- Leaders: Thomas Sabajo Hugo "Piko" Sabajo
- Dates active: 1989-1992
- Headquarters: Bigi Poika
- Active regions: West Suriname
- Ideology: Amerindian self-determination
- Wars: Surinamese Interior War

= Tucayana Amazonas =

Suriname guerrilla group

The Tucayana Amazonas was an Amerindian guerrilla commando group in Suriname.

Prior to the Tucayana Amazonas, many of the fighters had been soldiers during the Surinamese Interior War who fought on the side of the National Army against the Jungle Commando. The group felt betrayed by the 1989 Treaty of Kourou, a ceasefire agreement between the Jungle Commando and the Surinamese army, which gave the Maroons more rights, but neglected indigenous rights. The Tucayana claimed to be supported by all tribes.

On 31 August 1989, a group of Amerindians took possession of the ferry near Jenny and called themselves the Tucayana Amazonas. They initially caused confusion with non-natives because they thought that Tucayana was a tribe. The Tucayana went on to take the villages of Apoera, Washabo, and Bigi Poika, where they set up their headquarters. The Tucayana Amazonas were headed by Thomas Sabajo with his brother Hugo "Piko" Sabajo as second in command in Bernharddorp, which was also liberated.

They were fighting against the Army, however the seizure of the strategic villages triggered no reaction. On 13 October the town of Moengo, a stronghold of the Jungle Commando, got attacked; 20 soldiers were killed in the fighting. Infighting occurred between the brothers, and on 31 January 1990, Thomas was deposed as leader. However, Thomas switched sides to the Army which quickly moved in to regain control over the villages. The Human Rights Watch and the Organisation of American States claim that the Tucayana had always been a proxy army of the National Army, because the Army did not want to break the terms of the Treaty of Kourou.

After the fall of the villages, Piko fled to Guyana. Eight of his supporters were killed near Matta. In early February 1990, the commanders and indigenous chiefs released a statement in support of Thomas. A week later, Piko was arrested by the police in Guyana and returned to Suriname. Piko and three of his supporters were subsequently jailed in Fort Zeelandia. On 19 February 1990, they were later taken to Apoera where they were killed.

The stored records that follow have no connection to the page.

definition monomial_of_sel :: "nat \<Rightarrow> sel \<Rightarrow> (word \<Rightarrow> bool)" where
  "monomial_of_sel n s = (case s of Coord j \<Rightarrow> xvar n j | Zero \<Rightarrow> \<zero>\<^bsub>Rn n\<^esub> | U \<Rightarrow> \<one>\<^bsub>Rn n\<^esub>)"

lemma valid_S_iff: "valid_S n m S \<longleftrightarrow> (\<forall>i\<in>{1..m}. sel_valid n (S i))"
  by (simp add: valid_S_def sel_valid_def)

lemma sel_valid_set: "{s. sel_valid n s} = Coord ` {1..n} \<union> {Zero, U}"
proof (intro equalityI subsetI)
  fix s assume "s \<in> {s. sel_valid n s}"
  then show "s \<in> Coord ` {1..n} \<union> {Zero, U}" by (cases s) (auto simp: sel_valid_def)
qed (auto simp: sel_valid_def)

lemma linear_monomial_iff:
  "linear_monomial m n \<tau> \<longleftrightarrow>
     (\<exists>S. valid_S n m S \<and> (\<forall>i\<in>{1..m}. \<tau> (xvar m i) = monomial_of_sel n (S i)))"
proof -
  have "{xvar n j | j. j \<in> {1..n}} \<union> {\<zero>\<^bsub>Rn n\<^esub>, \<one>\<^bsub>Rn n\<^esub>}
      = monomial_of_sel n ` {s. sel_valid n s}"
    unfolding sel_valid_set image_Un image_image by (auto simp: monomial_of_sel_def)
  then have "linear_monomial m n \<tau> \<longleftrightarrow>
      (\<forall>i\<in>{1..m}. \<exists>s. sel_valid n s \<and> \<tau> (xvar m i) = monomial_of_sel n s)"
    unfolding linear_monomial_def by auto
  also have "\<dots> \<longleftrightarrow>
      (\<exists>S. valid_S n m S \<and> (\<forall>i\<in>{1..m}. \<tau> (xvar m i) = monomial_of_sel n (S i)))"
    by (simp add: valid_S_iff bchoice_iff ball_conj_distrib)
  finally show ?thesis .
qed

lemma q_S_on_cube:
  "c \<in> cube n \<Longrightarrow> q_S m S c i \<longleftrightarrow> i \<in> {1..m} \<and> monomial_of_sel n (S i) c"
  by (cases "S i") (simp_all add: q_S_def monomial_of_sel_def xvar_def Rn_def)

lemma q_S_in_cube: "q_S m S c \<in> cube m"
  by (auto simp: q_S_def cube_def)

lemma q_phi_cube_coordinate:
  assumes \<tau>: "\<tau> \<in> ring_hom (Rn m) (Rn n)" and c: "c \<in> cube n"
  shows "q_phi (cube m) \<tau> c i \<longleftrightarrow> i \<in> {1..m} \<and> \<tau> (xvar m i) c"
proof -
  have \<tau>': "\<tau> \<in> ring_hom (code_ring (cube m)) (code_ring (cube n))" using \<tau> by (simp add: Rn_def)
  let ?d = "q_phi (cube m) \<tau> c"
  have d: "?d \<in> cube m" using q_phi_point(1)[OF finite_cube \<tau>' c] .
  then have "?d i \<Longrightarrow> i \<in> {1..m}" unfolding cube_def by blast
  moreover have "\<tau> (xvar m i) c = xvar m i ?d"
    by (rule ring_hom_code_ring_apply[OF finite_cube \<tau>' c]) (simp add: xvar_def)
  ultimately show ?thesis using d by (auto simp: xvar_def)
qed

lemma q_phi_cube_eq_q_S:
  assumes "\<tau> \<in> ring_hom (Rn m) (Rn n)"
    and "\<forall>i\<in>{1..m}. \<tau> (xvar m i) = monomial_of_sel n (S i)" and "c \<in> cube n"
  shows "q_phi (cube m) \<tau> c = q_S m S c"
proof
  fix i
  show "q_phi (cube m) \<tau> c i = q_S m S c i"
    unfolding q_phi_cube_coordinate[OF assms(1,3)] q_S_on_cube[OF assms(3)] using assms(2) by auto
qed

lemma pullback_q_S_xvar:
  assumes "i \<in> {1..m}"
  shows "pullback (cube n) (q_S m S) (xvar m i) = monomial_of_sel n (S i)"
proof
  fix c
  show "pullback (cube n) (q_S m S) (xvar m i) c = monomial_of_sel n (S i) c"
  proof (cases "c \<in> cube n")
    case True
    then show ?thesis using assms q_S_in_cube by (simp add: pullback_def xvar_def q_S_on_cube)
  next
    case False
    then show ?thesis by (simp add: pullback_def monomial_of_sel_def xvar_def Rn_def split: sel.split)
  qed
qed

theorem lemma7:
  fixes n m :: nat and C D :: "word set" and \<phi> :: "(word \<Rightarrow> bool) \<Rightarrow> (word \<Rightarrow> bool)"
  assumes "C \<subseteq> cube n" and "D \<subseteq> cube m"
    and "\<phi> \<in> ring_hom (code_ring D) (code_ring C)"
  shows "neural_ring_hom n m C D \<phi> \<longleftrightarrow>
         (\<exists>S. valid_S n m S \<and> (\<forall>c \<in> C. q_phi D \<phi> c = q_S m S c))"
proof
  assume "neural_ring_hom n m C D \<phi>"
  then obtain \<tau> where \<tau>: "\<tau> \<in> ring_hom (Rn m) (Rn n)"
    and "linear_monomial m n \<tau>" and "compatible m D \<tau> \<phi>"
    unfolding neural_ring_hom_def by blast
  then obtain S where "valid_S n m S" and xvar: "\<forall>i\<in>{1..m}. \<tau> (xvar m i) = monomial_of_sel n (S i)"
    unfolding linear_monomial_iff by blast
  moreover have "q_phi D \<phi> c = q_S m S c" if "c \<in> C" for c
  proof -
    have "q_phi D \<phi> c = q_phi (cube m) \<tau> c"
      using compatible_imp_q_phi_eq[OF assms \<tau> \<open>compatible m D \<tau> \<phi>\<close> that] .
    also have "\<dots> = q_S m S c"
      using q_phi_cube_eq_q_S[OF \<tau> xvar] that assms(1) by blast
    finally show ?thesis .
  qed
  ultimately show "\<exists>S. valid_S n m S \<and> (\<forall>c \<in> C. q_phi D \<phi> c = q_S m S c)" by blast
next
  assume "\<exists>S. valid_S n m S \<and> (\<forall>c \<in> C. q_phi D \<phi> c = q_S m S c)"
  then obtain S where S: "valid_S n m S" and q: "\<forall>c \<in> C. q_phi D \<phi> c = q_S m S c" by blast
  let ?\<tau> = "pullback (cube n) (q_S m S)"
  have "?\<tau> \<in> ring_hom (Rn m) (Rn n)"
    unfolding Rn_def using q_S_in_cube by (intro pullback_ring_hom) blast
  moreover have "linear_monomial m n ?\<tau>"
    unfolding linear_monomial_iff using S pullback_q_S_xvar by blast
  moreover have "finite D" using assms(2) finite_cube finite_subset by blast
  then have "compatible m D ?\<tau> \<phi>" using compatible_pullback[OF assms(1) _ assms(3) q] by blast
  ultimately show "neural_ring_hom n m C D \<phi>"
    unfolding neural_ring_hom_def using assms(3) by blast
qed

end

The Tucayana Amazonas continued as a political group, and they supported the elections of 1991. On 8 August 1992, a peace treaty was signed between the National Army, the Jungle Commando and the Tucayana Amazonas. In 1992, the Vereniging van Inheemse Dorpshoofden in Suriname (Association of Indigenous Village Chiefs in Suriname) was founded to regain traditional control in the villages and to act as a political pressure group.

As of 2020, the bodies of the victims have not been discovered and the incidents have not been investigated. The activist group Dwaze Moeders van Suriname claims 12 victims, however Amnesty International considers the number of victims unknown.

==Bibliography==
- Boven, Karin M. (2006). "Overleven in een Grensgebied: Veranderingsprocessen bij de Wayana in Suriname en Frans-Guyana"
- Janssen, Roger (2011). "In Search of a Path: An Analysis of the Foreign Policy of Suriname from 1975 to 1991"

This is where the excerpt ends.